DOI: 10.1038/s41586-023-06849-0

Arkaplan bilgisi

Bu gözlemler Garantili Zaman Gözlem Programı 1280’in bir parçası olarak elde edildi.

JWST dünyanın önde gelen uzay bilimi gözlemevidir. Güneş sistemimizdeki gizemleri çözüyor, diğer yıldızların etrafındaki uzak dünyalara bakıyor ve evrenimizin gizemli yapılarını, kökenlerini ve içindeki yerimizi araştırıyor. Webb liderliğindeki uluslararası bir programdır. NASA ortakları ESA ile (Avrupa Uzay Ajansı) ve CSA (Kanada Uzay Ajansı).

JWST’nin Avrupa araştırma kurumları konsorsiyumu tarafından inşa edilen Orta Kızılötesi Enstrümanı (MIRI), 5 ila 28 mikron arasındaki kızılötesi dalga boyları için çok amaçlı bir bilimsel araçtır. Bir görüntüleme kamerasını bir spektrografla birleştirir.
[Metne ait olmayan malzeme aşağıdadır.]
lemma exists_bump_with_negative_integral:
  fixes w :: "real \<Rightarrow> real"
  assumes w: "w absolutely_integrable_on {0..1}" and "isCont w t0" "0 < t0" "t0 < 1" "w t0 < 0"
  shows "\<exists>g. continuous_on {0..1} g \<and> (\<forall>t\<in>{0..1}. 0 \<le> g t) \<and> integral {0..1} (\<lambda>t. g t * w t) < 0"
proof -
  define \<eta> where "\<eta> = - w t0 / 2"
  have \<eta>: "\<eta> > 0" using \<open>w t0 < 0\<close> by (simp add: \<eta>_def)
  obtain d where d: "d > 0" "\<And>t. dist t t0 < d \<Longrightarrow> dist (w t) (w t0) < \<eta>"
    using \<open>isCont w t0\<close> \<eta> unfolding continuous_at_eps_delta by blast
  define h where "h = min d (min t0 (1 - t0))"
  have h: "h > 0" "h \<le> d" "h \<le> t0" "h \<le> 1 - t0" using d \<open>0 < t0\<close> \<open>t0 < 1\<close> by (auto simp: h_def)
  define g where "g t = max 0 (h - \<bar>t - t0\<bar>)" for t
  have g_cont: "continuous_on UNIV g" unfolding g_def by (intro continuous_intros)
  have g_nonneg: "g t \<ge> 0" for t by (simp add: g_def)
  have g_int: "g integrable_on {a..b}" for a b
    using g_cont by (intro integrable_continuous_interval) (auto intro: continuous_on_subset)
  have gw_int: "(\<lambda>t. g t * w t) integrable_on {0..1}"
    using absolutely_integrable_continuous_mult[OF continuous_on_subset[OF g_cont] w]
    by (auto simp: absolutely_integrable_on_def)
  have gw_le: "g t * w t \<le> - \<eta> * g t" for t
  proof (cases "\<bar>t - t0\<bar> < h")
    case True
    then have "dist (w t) (w t0) < \<eta>" using h by (intro d(2)) (simp add: dist_real_def)
    then have "w t < - \<eta>" by (simp add: \<eta>_def dist_real_def abs_less_iff)
    then have "g t * w t \<le> g t * (- \<eta>)" using g_nonneg[of t] by (intro mult_left_mono) auto
    then show ?thesis by (metis mult.commute mult_minus_right)
  next
    case False then show ?thesis by (simp add: g_def)
  qed
  have "h * (h / 2) \<le> integral {t0 - h/2..t0 + h/2} g"
  proof -
    have "integral {t0 - h/2..t0 + h/2} (\<lambda>t. h / 2) \<le> integral {t0 - h/2..t0 + h/2} g"
      by (intro integral_le g_int integrable_const_ivl) (auto simp: g_def split: abs_split)
    then show ?thesis using h by (simp add: content_real)
  qed
  also have "\<dots> \<le> integral {0..1} g"
    using h g_nonneg by (intro integral_subset_le g_int) auto
  finally have "h * (h / 2) \<le> integral {0..1} g" .
  moreover have "0 < h * (h / 2)" using h by simp
  ultimately have "integral {0..1} g > 0" by linarith
  then have "- \<eta> * integral {0..1} g < 0" using \<eta> by simp
  moreover have "integral {0..1} (\<lambda>t. g t * w t) \<le> integral {0..1} (\<lambda>t. - \<eta> * g t)"
    by (intro integral_le gw_int integrable_on_mult_right g_int gw_le)
  ultimately have "integral {0..1} (\<lambda>t. g t * w t) < 0" by simp
  then show ?thesis using continuous_on_subset[OF g_cont] g_nonneg by blast
qed

lemma exists_nonneg_polynomial_with_negative_integral:
  fixes g w :: "real \<Rightarrow> real"
  assumes w: "w absolutely_integrable_on {0..1}" and g_cont: "continuous_on {0..1} g"
    and g_nonneg: "\<forall>t\<in>{0..1}. 0 \<le> g t" and gw_neg: "integral {0..1} (\<lambda>t. g t * w t) < 0"
  shows "\<exists>q d. (\<forall>t\<in>{0..1}. 0 \<le> (\<Sum>j\<le>d. q j * t ^ j)) \<and>
                integral {0..1} (\<lambda>t. (\<Sum>j\<le>d. q j * t ^ j) * w t) < 0"
proof -
  define I where "I = integral {0..1} (\<lambda>t. g t * w t)"
  define Iw where "Iw = integral {0..1} (\<lambda>t. \<bar>w t\<bar>)"
  have absw_int: "(\<lambda>t. \<bar>w t\<bar>) integrable_on {0..1}"
    using w by (auto simp: absolutely_integrable_on_def)
  have Iw: "Iw \<ge> 0" unfolding Iw_def by (intro integral_nonneg absw_int) auto
  define \<epsilon> where "\<epsilon> = - I / (4 * (Iw + 1))"
  have \<epsilon>: "\<epsilon> > 0" using gw_neg Iw by (simp add: \<epsilon>_def I_def divide_neg_pos)
  obtain p where "real_polynomial_function p" and p_approx: "\<And>t. t \<in> {0..1} \<Longrightarrow> \<bar>g t - p t\<bar> < \<epsilon>"
    using Stone_Weierstrass_real_polynomial_function[OF _ g_cont \<epsilon>] by auto
  then obtain a d where p: "p = (\<lambda>t. \<Sum>j\<le>d. a j * t ^ j)"
    unfolding real_polynomial_function_iff_sum by blast
  define q where "q j = a j + (if j = 0 then \<epsilon> else 0)" for j
  have q_eq: "(\<Sum>j\<le>d. q j * t ^ j) = p t + \<epsilon>" for t
    by (simp add: q_def p distrib_right sum.distrib if_distrib[of "\<lambda>x. x * _"] cong: if_cong)
  have mult_w_int: "(\<lambda>t. h t * w t) integrable_on {0..1}" if "continuous_on {0..1} h" for h
    using absolutely_integrable_continuous_mult[OF that w] by (simp add: absolutely_integrable_on_def)
  have p_cont: "continuous_on {0..1} p" unfolding p by (intro continuous_intros)
  have "integral {0..1} (\<lambda>t. (p t + \<epsilon>) * w t) - I = integral {0..1} (\<lambda>t. (p t + \<epsilon> - g t) * w t)"
    using mult_w_int[of "\<lambda>t. p t + \<epsilon>"] mult_w_int[OF g_cont] p_cont
    unfolding I_def by (simp add: left_diff_distrib Henstock_Kurzweil_Integration.integral_diff continuous_intros)
  also have "\<dots> \<le> integral {0..1} (\<lambda>t. 2 * \<epsilon> * \<bar>w t\<bar>)"
  proof (intro integral_le integrable_on_mult_right absw_int)
    show "(\<lambda>t. (p t + \<epsilon> - g t) * w t) integrable_on {0..1}"
      using p_cont g_cont by (intro mult_w_int continuous_intros)
    fix t :: real assume "t \<in> {0..1}"
    then have "\<bar>p t + \<epsilon> - g t\<bar> \<le> 2 * \<epsilon>" using p_approx[of t] \<epsilon> by linarith
    then have "\<bar>p t + \<epsilon> - g t\<bar> * \<bar>w t\<bar> \<le> 2 * \<epsilon> * \<bar>w t\<bar>" by (rule mult_right_mono) simp
    then show "(p t + \<epsilon> - g t) * w t \<le> 2 * \<epsilon> * \<bar>w t\<bar>"
      by (metis abs_ge_self abs_mult order_trans)
  qed
  also have "\<dots> = 2 * \<epsilon> * Iw" by (simp add: Iw_def)
  also have "\<dots> \<le> - I / 2"
    using Iw gw_neg by (simp add: \<epsilon>_def I_def field_simps)
  finally have "integral {0..1} (\<lambda>t. (\<Sum>j\<le>d. q j * t ^ j) * w t) < 0"
    using gw_neg unfolding q_eq I_def by linarith
  moreover have "0 \<le> (\<Sum>j\<le>d. q j * t ^ j)" if "t \<in> {0..1}" for t
  proof -
    have "0 \<le> g t" "g t - p t < \<epsilon>" using g_nonneg p_approx[OF that] that by auto
    then show ?thesis unfolding q_eq by linarith
  qed
  ultimately show ?thesis by blast
qed
lemma infsum_binary_digits:
  fixes t :: real
  assumes "0 \<le> t" "t < 1"
  shows "infsum (\<lambda>n. (1/2) ^ Suc n) {n. odd \<lfloor>2 ^ Suc n * t\<rfloor>} = t"
proof -
  let ?g = "\<lambda>n. if odd \<lfloor>2 ^ Suc n * t\<rfloor> then (1/2::real) ^ Suc n else 0"
  have lower: "t - (1/2) ^ N \<le> \<lfloor>2 ^ N * t\<rfloor> / 2 ^ N" for N
  proof -
    have "2 ^ N * t - 1 \<le> \<lfloor>2 ^ N * t\<rfloor>"
      by linarith
    then have "(2 ^ N * t - 1) / 2 ^ N \<le> \<lfloor>2 ^ N * t\<rfloor> / 2 ^ N"
      by (rule divide_right_mono) simp
    then show ?thesis
      by (simp add: diff_divide_distrib power_one_over)
  qed
  have upper: "\<lfloor>2 ^ N * t\<rfloor> / 2 ^ N \<le> t" for N
    using of_int_floor_le[of "2 ^ N * t"] by (simp add: pos_divide_le_eq mult.commute)
  have "(\<lambda>N. t - (1/2::real) ^ N) \<longlonglongrightarrow> t - 0"
    by (intro tendsto_diff tendsto_const LIMSEQ_power_zero) simp
  then have L: "(\<lambda>N. t - (1/2::real) ^ N) \<longlonglongrightarrow> t"
    by simp
  have "(\<lambda>N. \<lfloor>2 ^ N * t\<rfloor> / 2 ^ N) \<longlonglongrightarrow> t"
    by (rule real_tendsto_sandwich[OF always_eventually always_eventually L tendsto_const])
      (blast intro: lower upper)+
  then have "?g sums t"
    unfolding sums_def sum_binary_digits[OF assms] .
  then have "infsum ?g UNIV = t"
    by (rule infsumI[OF sums_nonneg_imp_has_sum]) simp
  moreover have "infsum ?g UNIV = infsum (\<lambda>n. (1/2) ^ Suc n) {n. odd \<lfloor>2 ^ Suc n * t\<rfloor>}"
    by (rule infsum_cong_neutral) auto
  ultimately show ?thesis
    by simp
qed

lemma range_infsum_half_powers: "range (infsum (\<lambda>n. (1/2::real) ^ Suc n)) = {0..1}"
proof
  let ?h = "\<lambda>n. (1/2::real) ^ Suc n"
  have "(\<lambda>n. (1/2::real) ^ n) sums 2"
    using geometric_sums[of "1/2::real"] by simp
  then have "?h sums 1"
    using sums_mult[of _ 2 "1/2::real"] by simp
  then have h: "nonneg_summable ?h"
    by (simp add: nonneg_summable_def sums_summable)
  have total: "infsum ?h UNIV = 1"
    using sums_unique2[OF nonneg_summable_sums_infsum[OF h] \<open>?h sums 1\<close>] .
  show "range (infsum ?h) \<subseteq> {0..1}"
    using range_infsum_subset[OF h] by (simp only: total)
  show "{0..1} \<subseteq> range (infsum ?h)"
  proof
    fix t :: real
    assume "t \<in> {0..1}"
    then consider "t = 1" | "0 \<le> t" "t < 1"
      by fastforce
    then show "t \<in> range (infsum ?h)"
    proof cases
      case 1
      then show ?thesis
        using rangeI[of "infsum ?h" UNIV] total by simp
    next
      case 2
      then show ?thesis
        using rangeI[of "infsum ?h"] infsum_binary_digits[OF 2] by metis
    qed
  qed
qed

lemma range_infsum_cmult:
  fixes a :: "nat \<Rightarrow> real"
  shows "range (infsum (\<lambda>n. c * a n)) = (*) c ` range (infsum a)"
proof -
  have "infsum (\<lambda>n. c * a n) = (\<lambda>A. c * infsum a A)"
    by (rule ext) (rule infsum_cmult_right')
  then show ?thesis
    by (simp add: image_image)
qed

lemma nonneg_summable_geometric:
  "0 \<le> d \<Longrightarrow> nonneg_summable (\<lambda>n. d * (1/2::real) ^ Suc n)"
  by (simp add: nonneg_summable_def summable_mult)

lemma range_infsum_geometric:
  assumes "0 \<le> d"
  shows "range (infsum (\<lambda>n. d * (1/2::real) ^ Suc n)) = {0..d}"
proof -
  have "range (infsum (\<lambda>n. d * (1/2::real) ^ Suc n)) = (*) d ` {0..1}"
    by (simp only: range_infsum_cmult range_infsum_half_powers)
  with assms show ?thesis
    by (simp add: image_mult_atLeastAtMost_if)
qed

lemma even_image_disjoint_odd_image: "(\<lambda>m::nat. 2 * m) ` X \<inter> (\<lambda>m. Suc (2 * m)) ` Y = {}"
  by auto presburger

lemma range_even_Un_range_odd: "range (\<lambda>m::nat. 2 * m) \<union> range (\<lambda>m. Suc (2 * m)) = UNIV"
proof -
  have "n \<in> range (\<lambda>m. 2 * m) \<union> range (\<lambda>m. Suc (2 * m))" for n
    by (cases "even n") (auto elim!: evenE oddE)
  then show ?thesis
    by blast
qed

definition interleave :: "(nat \<Rightarrow> 'a) \<Rightarrow> (nat \<Rightarrow> 'a) \<Rightarrow> nat \<Rightarrow> 'a" where
  "interleave a c n = (if even n then a (n div 2) else c (n div 2))"

lemma
  assumes a: "nonneg_summable a" and c: "nonneg_summable c"
  shows nonneg_summable_interleave: "nonneg_summable (interleave a c)"
    and range_infsum_interleave:
      "range (infsum (interleave a c)) = {x + y | x y. x \<in> range (infsum a) \<and> y \<in> range (infsum c)}"
proof -
  let ?b = "interleave a c" and ?ev = "\<lambda>m::nat. 2 * m" and ?od = "\<lambda>m::nat. Suc (2 * m)"
  have inj: "inj_on ?ev X" "inj_on ?od X" for X
    by (simp_all add: inj_on_def)
  have "?b \<circ> ?ev = a" "?b \<circ> ?od = c"
    by (simp_all add: fun_eq_iff interleave_def)
  then have summable: "?b summable_on ?ev ` X" "?b summable_on ?od ` X"
    and infsum: "infsum ?b (?ev ` X) = infsum a X" "infsum ?b (?od ` Y) = infsum c Y" for X Y
    using a c by (simp_all add: summable_on_reindex infsum_reindex inj nonneg_summable_summable_on)
  have split: "?ev ` (?ev -` B) \<union> ?od ` (?od -` B) = B" for B
    unfolding image_vimage_eq using range_even_Un_range_odd by blast
  have decompose: "infsum ?b B = infsum a (?ev -` B) + infsum c (?od -` B)" for B
  proof -
    have "infsum ?b B = infsum ?b (?ev ` (?ev -` B) \<union> ?od ` (?od -` B))"
      by (simp only: split)
    also have "\<dots> = infsum a (?ev -` B) + infsum c (?od -` B)"
      by (simp only: infsum_Un_disjoint[OF summable even_image_disjoint_odd_image] infsum)
    finally show ?thesis .
  qed
  have compose: "infsum ?b (?ev ` X \<union> ?od ` Y) = infsum a X + infsum c Y" for X Y
    by (simp only: infsum_Un_disjoint[OF summable even_image_disjoint_odd_image] infsum)
  show "range (infsum ?b) = {x + y | x y. x \<in> range (infsum a) \<and> y \<in> range (infsum c)}"
  proof (intro equalityI subsetI)
    fix z
    assume "z \<in> range (infsum ?b)"
    then show "z \<in> {x + y | x y. x \<in> range (infsum a) \<and> y \<in> range (infsum c)}"
      using decompose by blast
  next
    fix z
    assume "z \<in> {x + y | x y. x \<in> range (infsum a) \<and> y \<in> range (infsum c)}"
    then obtain X Y where "z = infsum a X + infsum c Y"
      by blast
    then show "z \<in> range (infsum ?b)"
      by (simp only: compose[symmetric] rangeI)
  qed
  have "?b summable_on UNIV"
    using summable_on_Un_disjoint[OF summable even_image_disjoint_odd_image, of UNIV UNIV] by (simp only: range_even_Un_range_odd)
  then show "nonneg_summable ?b"
    using a c by (simp add: nonneg_summable_iff_summable_on interleave_def nonneg_summable_nonneg)
qed

lemma achievement_familyE:
  assumes "E \<in> achievement_family"
  obtains \<alpha> where "nonneg_summable \<alpha>" "decseq \<alpha>" "E = range (infsum \<alpha>)" "E \<subseteq> {0..1}"
proof -
  obtain a where a: "summable (\<lambda>n. \<bar>a n\<bar>)" "E = achievement_set a" "E \<subseteq> {0..1}"
    using assms unfolding achievement_family_def by blast
  have E: "E = range (infsum a)"
    using a(1,2) achievement_set_eq_range_infsum by simp
  have "a n \<in> E" for n
    using E rangeI[of "infsum a" "{n}"] by simp
  then have "0 \<le> a n" for n
    using a(3) by (meson atLeastAtMost_iff subsetD)
  then have nonneg: "nonneg_summable a"
    using summable_rabs_cancel[OF a(1)] by (simp add: nonneg_summable_def)
  obtain \<sigma> where \<sigma>: "inj \<sigma>" "decseq (a \<circ> \<sigma>)" "{m. a m \<noteq> 0} \<subseteq> range \<sigma>"
    using decreasing_rearrangement[OF nonneg] by blast
  show thesis
  proof (rule that[of "a \<circ> \<sigma>"])
    show "nonneg_summable (a \<circ> \<sigma>)"
      using nonneg \<sigma>(1) by (rule nonneg_summable_reindex)
    show "E = range (infsum (a \<circ> \<sigma>))"
      using range_infsum_reindex[OF \<sigma>(1,3)] E by simp
  qed (use \<sigma>(2) a(3) in auto)
qed

lemma range_infsum_in_achievement_family:
  assumes "nonneg_summable a" "range (infsum a) \<subseteq> {0..1}"
  shows "range (infsum a) \<in> achievement_family"
proof -
  have "summable (\<lambda>n. \<bar>a n\<bar>)"
    using assms(1) by (simp add: nonneg_summable_def)
  with assms(2) show ?thesis
    unfolding achievement_family_def using achievement_set_eq_range_infsum by blast
qed

lemma sumset_interval_in_achievement_family:
  assumes a: "nonneg_summable a" and d: "0 \<le> d"
    and "{u + v | u v. u \<in> range (infsum a) \<and> v \<in> {0..d}} \<subseteq> {0..1}"
  shows "{u + v | u v. u \<in> range (infsum a) \<and> v \<in> {0..d}} \<in> achievement_family"
proof -
  let ?c = "\<lambda>n. d * (1/2::real) ^ Suc n"
  have "range (infsum (interleave a ?c)) = {u + v | u v. u \<in> range (infsum a) \<and> v \<in> {0..d}}"
    using range_infsum_interleave[OF a nonneg_summable_geometric[OF d]] range_infsum_geometric[OF d]
    by simp
  then show ?thesis
    using range_infsum_in_achievement_family[OF nonneg_summable_interleave[OF a nonneg_summable_geometric[OF d]]]
      assms(3) by simp
qed

lemma achievement_family_subset_K0_01: "achievement_family \<subseteq> K0_01"
proof
  fix E
  assume "E \<in> achievement_family"
  then obtain \<alpha> where "nonneg_summable \<alpha>" "E = range (infsum \<alpha>)" "E \<subseteq> {0..1}"
    by (rule achievement_familyE)
  moreover have "0 \<in> range (infsum \<alpha>)"
    by (metis infsum_empty rangeI)
  ultimately show "E \<in> K0_01"
    unfolding K0_01_def using compact_range_infsum by blast
qed

lemma K0_01_subset_K01: "K0_01 \<subseteq> K01"
  unfolding K0_01_def K01_def by blast

lemma achievement_family_approximants:
  assumes "\<forall>e>0. \<exists>E\<in>achievement_family. hausdorff_dist K E < e"
  obtains \<alpha> where "\<And>k. nonneg_summable (\<alpha> k)" "\<And>k. range (infsum (\<alpha> k)) \<subseteq> {0..1}"
    "\<And>k m. \<alpha> k m \<le> inverse (Suc m)" "\<And>k. hausdorff_dist K (range (infsum (\<alpha> k))) < inverse (Suc k)"
proof -
  have "\<exists>\<alpha>. nonneg_summable \<alpha> \<and> range (infsum \<alpha>) \<subseteq> {0..1} \<and> (\<forall>m. \<alpha> m \<le> inverse (Suc m)) \<and>
      hausdorff_dist K (range (infsum \<alpha>)) < inverse (Suc k)" for k
  proof -
    obtain E where "E \<in> achievement_family" "hausdorff_dist K E < inverse (Suc k)"
      using assms by (metis inverse_positive_iff_positive of_nat_0_less_iff zero_less_Suc)
    moreover from this(1) obtain \<alpha> where
      \<alpha>: "nonneg_summable \<alpha>" "decseq \<alpha>" "E = range (infsum \<alpha>)" "E \<subseteq> {0..1}"
      by (rule achievement_familyE)
    moreover have "\<alpha> m \<le> inverse (Suc m)" for m
    proof -
      have "real (Suc m) * \<alpha> m \<le> infsum \<alpha> UNIV"
        using \<alpha>(1,2) by (rule decseq_nonneg_summable_bound)
      also have "\<dots> \<le> 1"
        using \<alpha>(3,4) rangeI[of "infsum \<alpha>" UNIV] by (meson atLeastAtMost_iff subsetD)
      finally show ?thesis
        by (simp add: field_simps)
    qed
    ultimately show ?thesis
      by blast
  qed
  then show thesis
    using that by metis
qed

lemma hausdorff_dist_commute: "hausdorff_dist A B = hausdorff_dist B A"
  by (simp add: hausdorff_dist_def max.commute)

lemma hausdorff_dist_less_imp_near:
  assumes "bounded K" "E \<noteq> {}" "hausdorff_dist K E < e" "x \<in> K"
  obtains y where "y \<in> E" "dist x y < e"
proof -
  obtain y0 where "y0 \<in> E"
    using assms(2) by blast
  obtain B where B: "\<And>x. x \<in> K \<Longrightarrow> \<bar>x\<bar> \<le> B"
    using assms(1) by (auto simp: bounded_real)
  have "infdist x' E \<le> B + \<bar>y0\<bar>" if "x' \<in> K" for x'
    using infdist_le[OF \<open>y0 \<in> E\<close>, of x'] B[OF that] by (simp add: dist_real_def)
  then have "infdist x E \<le> (SUP x\<in>K. infdist x E)"
    by (intro cSUP_upper assms(4) bdd_aboveI2)
  also have "\<dots> < e"
    using assms(3) by (simp add: hausdorff_dist_def)
  finally have "(INF y\<in>E. dist x y) < e"
    by (simp add: infdist_notempty assms(2))
  then show thesis
    using that by (simp add: cINF_less_iff assms(2)) blast
qed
Endüstriyel ortakların desteğiyle MPIA, filtre ve ızgara çarkları gibi tüm dalga boyu aralığı kontrol elemanlarının mekanizmalarını sağladı ve MIRI’nin elektrik tasarımına öncülük etti.

Avrupa konsorsiyumu 12 ülkedeki 29 araştırma kurumundan 46 gökbilimciden oluşuyor. MPIA ekibi Jeroen Bouwman, Paul Mollière, Thomas Henning, Oliver Krause ve Silvia Scheithauer’den oluşuyor.